The Dow Jones Outlook and Crisis Investing: A Path to Long-Term Growth – Cambridge Associates
This publication provides an overview of the Dow Jones outlook in the context of crisis investing, exploring how investors can benefit from market downturns and achieve long-term growth through disciplined and strategic investment decisions.
Opportunities in Crisis Investing” – Cambridge Associates
This publication provides an overview of crisis investing and the opportunities it presents, including the ability to invest in high-quality assets at lower valuations, to take advantage of market inefficiencies, and to benefit from the eventual recovery of the Market.
Dow Jones Outlook: Opportunities in Crisis Investing – McKinsey & Company
This research report provides insights into how the Dow Jones has been affected by market downturns and highlights the benefits of crisis investing as a means to take advantage of opportunities and achieve long-term investment success.

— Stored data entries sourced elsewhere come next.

lemma card_candidate_event_le:
  assumes pos: "t2 < p2" "p2 < p3" "p3 \<le> card V" "p3 \<notin> S"
    and m: "0 < m" "\<And>\<pi>. \<pi> \<in> Omega \<Longrightarrow> m \<le> card (unused \<pi> ({1..<Suc t2} \<union> {p2}))"
  shows "card {\<pi> \<in> Omega. \<pi> p2 \<in> mids \<pi> (Suc t2) \<and> \<pi> p3 \<in> ends \<pi> (Suc t2) (\<pi> p2)}
       \<le> (\<Sum>\<pi>\<in>Omega. if \<pi> p2 \<in> mids \<pi> (Suc t2) then real (card (ends \<pi> (Suc t2) (\<pi> p2))) else 0) / m"
proof -
  define J where "J = {1..<Suc t2} \<union> {p2}"
  define G where "G \<pi> z = (if \<pi> p2 \<in> mids \<pi> (Suc t2) \<and> z \<in> ends \<pi> (Suc t2) (\<pi> p2) then 1 else 0 :: real)"
    for \<pi> z
  define H where "H \<pi> = (if \<pi> p2 \<in> mids \<pi> (Suc t2) then real (card (ends \<pi> (Suc t2) (\<pi> p2))) else 0)" for \<pi>
  have "card {\<pi> \<in> Omega. \<pi> p2 \<in> mids \<pi> (Suc t2) \<and> \<pi> p3 \<in> ends \<pi> (Suc t2) (\<pi> p2)} = (\<Sum>\<pi>\<in>Omega. G \<pi> (\<pi> p3))"
    unfolding G_def using sum.inter_filter[OF finite_Omega, of "\<lambda>_. 1::real"] by simp
  also have "\<dots> = (\<Sum>\<pi>\<in>Omega. (\<Sum>z\<in>unused \<pi> J. G \<pi> z) / card (unused \<pi> J))"
  proof (rule sum_Omega_free_position)
    fix \<pi> \<pi>' :: "nat \<Rightarrow> nat" and z
    assume "\<And>i. i \<in> J \<Longrightarrow> \<pi> i = \<pi>' i"
    then have "\<And>i. i \<in> {1..<Suc t2} \<Longrightarrow> \<pi> i = \<pi>' i" "\<pi> p2 = \<pi>' p2" unfolding J_def by auto
    then show "G \<pi> z = G \<pi>' z" unfolding G_def using mids_cong ends_cong by metis
  qed (use pos in \<open>auto simp: J_def\<close>)
  also have "\<dots> \<le> (\<Sum>\<pi>\<in>Omega. H \<pi> / m)"
  proof (rule sum_mono)
    fix \<pi> assume \<pi>: "\<pi> \<in> Omega"
    have "(\<Sum>z\<in>unused \<pi> J. G \<pi> z) = card (unused \<pi> J \<inter> ends \<pi> (Suc t2) (\<pi> p2))"
      if "\<pi> p2 \<in> mids \<pi> (Suc t2)"
      using that sum.inter_restrict[OF finite_unused, of "\<lambda>_. 1::real" \<pi> J] unfolding G_def by simp
    then have "(\<Sum>z\<in>unused \<pi> J. G \<pi> z) \<le> H \<pi>"
      unfolding G_def H_def by (auto intro: card_mono[OF finite_ends])
    moreover have "0 \<le> H \<pi>" unfolding H_def by simp
    ultimately show "(\<Sum>z\<in>unused \<pi> J. G \<pi> z) / card (unused \<pi> J) \<le> H \<pi> / m"
      using m(1) m(2)[OF \<pi>] unfolding J_def by (intro frac_le) auto
  qed
  finally show ?thesis unfolding H_def by (simp add: sum_divide_distrib)
qed

lemma sum_ends_le_potential:
  assumes pos: "t2 < p2" "p2 \<le> card V" "p2 \<notin> S"
    and m: "0 < m" "\<And>\<pi>. \<pi> \<in> Omega \<Longrightarrow> m \<le> card (unused \<pi> {1..<Suc t2})"
  shows "(\<Sum>\<pi>\<in>Omega. if \<pi> p2 \<in> mids \<pi> (Suc t2) then real (card (ends \<pi> (Suc t2) (\<pi> p2))) else 0)
       \<le> (\<Sum>\<pi>\<in>Omega. potential 0 \<pi> (Suc t2)) / m"
proof -
  define J where "J = {1..<Suc t2}"
  define G where "G \<pi> z = (if z \<in> mids \<pi> (Suc t2) then real (card (ends \<pi> (Suc t2) z)) else 0)" for \<pi> z
  have "(\<Sum>\<pi>\<in>Omega. G \<pi> (\<pi> p2)) = (\<Sum>\<pi>\<in>Omega. (\<Sum>z\<in>unused \<pi> J. G \<pi> z) / card (unused \<pi> J))"
  proof (rule sum_Omega_free_position)
    fix \<pi> \<pi>' :: "nat \<Rightarrow> nat" and z
    assume "\<And>i. i \<in> J \<Longrightarrow> \<pi> i = \<pi>' i"
    then show "G \<pi> z = G \<pi>' z" unfolding G_def J_def using mids_cong ends_cong by metis
  qed (use pos in \<open>auto simp: J_def\<close>)
  also have "\<dots> \<le> (\<Sum>\<pi>\<in>Omega. potential 0 \<pi> (Suc t2) / m)"
  proof (rule sum_mono)
    fix \<pi> assume \<pi>: "\<pi> \<in> Omega"
    have "(\<Sum>z\<in>unused \<pi> J. G \<pi> z) = potential 0 \<pi> (Suc t2)"
      using mids_subset_unused[of \<pi> "Suc t2"] finite_unused
      unfolding G_def potential_def J_def by (simp add: sum.If_cases Int_absorb1)
    then show "(\<Sum>z\<in>unused \<pi> J. G \<pi> z) / card (unused \<pi> J) \<le> potential 0 \<pi> (Suc t2) / m"
      using m(1) m(2)[OF \<pi>] potential_nonneg unfolding J_def by (intro frac_le) auto
  qed
  finally show ?thesis unfolding G_def by (simp add: sum_divide_distrib)
qed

Crisis Investing: An Opportunity for Long-Term Investors – BlackRock
This report explains the concept of crisis investing and its potential benefits, including the ability to achieve higher returns, to invest in undervalued assets, and to benefit from the eventual recovery of the Market.
Dow Jones Outlook: Crisis Investing for Long-Term Investors – BlackRock
This report explains the Dow Jones outlook in the context of crisis investing, emphasising the potential benefits of investing in undervalued assets and benefiting from market recovery over the long term.